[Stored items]
+++

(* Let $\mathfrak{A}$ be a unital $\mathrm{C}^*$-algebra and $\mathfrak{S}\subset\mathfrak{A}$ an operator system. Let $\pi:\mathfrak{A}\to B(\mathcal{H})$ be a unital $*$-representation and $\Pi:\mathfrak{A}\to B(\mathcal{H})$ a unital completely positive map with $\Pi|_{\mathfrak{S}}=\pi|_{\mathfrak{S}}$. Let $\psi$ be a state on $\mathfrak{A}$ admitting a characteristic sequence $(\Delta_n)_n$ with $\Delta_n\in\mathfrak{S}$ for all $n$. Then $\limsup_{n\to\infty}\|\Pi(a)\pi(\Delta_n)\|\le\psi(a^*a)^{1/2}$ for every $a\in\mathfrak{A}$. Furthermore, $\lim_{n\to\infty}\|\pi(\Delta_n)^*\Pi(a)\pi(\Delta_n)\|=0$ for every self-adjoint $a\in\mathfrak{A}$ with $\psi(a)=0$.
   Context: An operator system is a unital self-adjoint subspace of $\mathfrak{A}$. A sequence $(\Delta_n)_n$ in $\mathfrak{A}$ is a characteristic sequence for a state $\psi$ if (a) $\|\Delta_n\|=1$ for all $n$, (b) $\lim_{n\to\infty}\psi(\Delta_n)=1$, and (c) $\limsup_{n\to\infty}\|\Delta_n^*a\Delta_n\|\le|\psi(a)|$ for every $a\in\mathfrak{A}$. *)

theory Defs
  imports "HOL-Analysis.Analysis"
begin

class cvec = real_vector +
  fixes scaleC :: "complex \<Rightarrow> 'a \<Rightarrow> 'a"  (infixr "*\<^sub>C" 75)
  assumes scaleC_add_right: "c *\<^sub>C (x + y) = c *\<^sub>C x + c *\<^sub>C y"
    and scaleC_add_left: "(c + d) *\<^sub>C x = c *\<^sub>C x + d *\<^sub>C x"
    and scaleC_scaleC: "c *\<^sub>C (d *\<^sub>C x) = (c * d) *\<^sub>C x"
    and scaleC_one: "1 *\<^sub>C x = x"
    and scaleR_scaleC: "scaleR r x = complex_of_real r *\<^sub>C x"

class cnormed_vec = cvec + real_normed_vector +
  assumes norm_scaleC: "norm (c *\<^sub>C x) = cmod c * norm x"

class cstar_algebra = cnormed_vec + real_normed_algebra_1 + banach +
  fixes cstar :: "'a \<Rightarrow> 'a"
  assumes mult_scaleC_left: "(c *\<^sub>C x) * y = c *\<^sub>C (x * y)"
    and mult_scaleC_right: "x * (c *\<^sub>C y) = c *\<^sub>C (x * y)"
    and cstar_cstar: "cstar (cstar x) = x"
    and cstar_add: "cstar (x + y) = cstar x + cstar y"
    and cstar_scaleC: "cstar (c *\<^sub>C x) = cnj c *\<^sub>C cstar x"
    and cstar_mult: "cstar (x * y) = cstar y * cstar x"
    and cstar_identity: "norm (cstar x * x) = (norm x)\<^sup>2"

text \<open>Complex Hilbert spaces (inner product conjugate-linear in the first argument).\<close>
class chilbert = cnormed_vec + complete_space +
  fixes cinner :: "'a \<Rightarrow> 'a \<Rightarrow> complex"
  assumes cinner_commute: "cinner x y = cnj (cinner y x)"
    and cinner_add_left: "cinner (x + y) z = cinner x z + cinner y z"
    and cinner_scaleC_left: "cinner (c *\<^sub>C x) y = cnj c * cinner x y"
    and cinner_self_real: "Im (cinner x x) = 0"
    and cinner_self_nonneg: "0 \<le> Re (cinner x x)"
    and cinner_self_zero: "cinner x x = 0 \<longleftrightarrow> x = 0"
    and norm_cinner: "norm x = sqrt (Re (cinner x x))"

+++

§ TASK DIRECTIONS
The lines above starting at the one that contains "Context: An operator" and ending at the one that contains "class cvec = real_vector +" must be transcribed exactly, and no other lines may appear.

§ ANSWER SECTION
   Context: An operator system is a unital self-adjoint subspace of $\mathfrak{A}$. A sequence $(\Delta_n)_n$ in $\mathfrak{A}$ is a characteristic sequence for a state $\psi$ if (a) $\|\Delta_n\|=1$ for all $n$, (b) $\lim_{n\to\infty}\psi(\Delta_n)=1$, and (c) $\limsup_{n\to\infty}\|\Delta_n^*a\Delta_n\|\le|\psi(a)|$ for every $a\in\mathfrak{A}$. *)

theory Defs
  imports "HOL-Analysis.Analysis"
begin

class cvec = real_vector +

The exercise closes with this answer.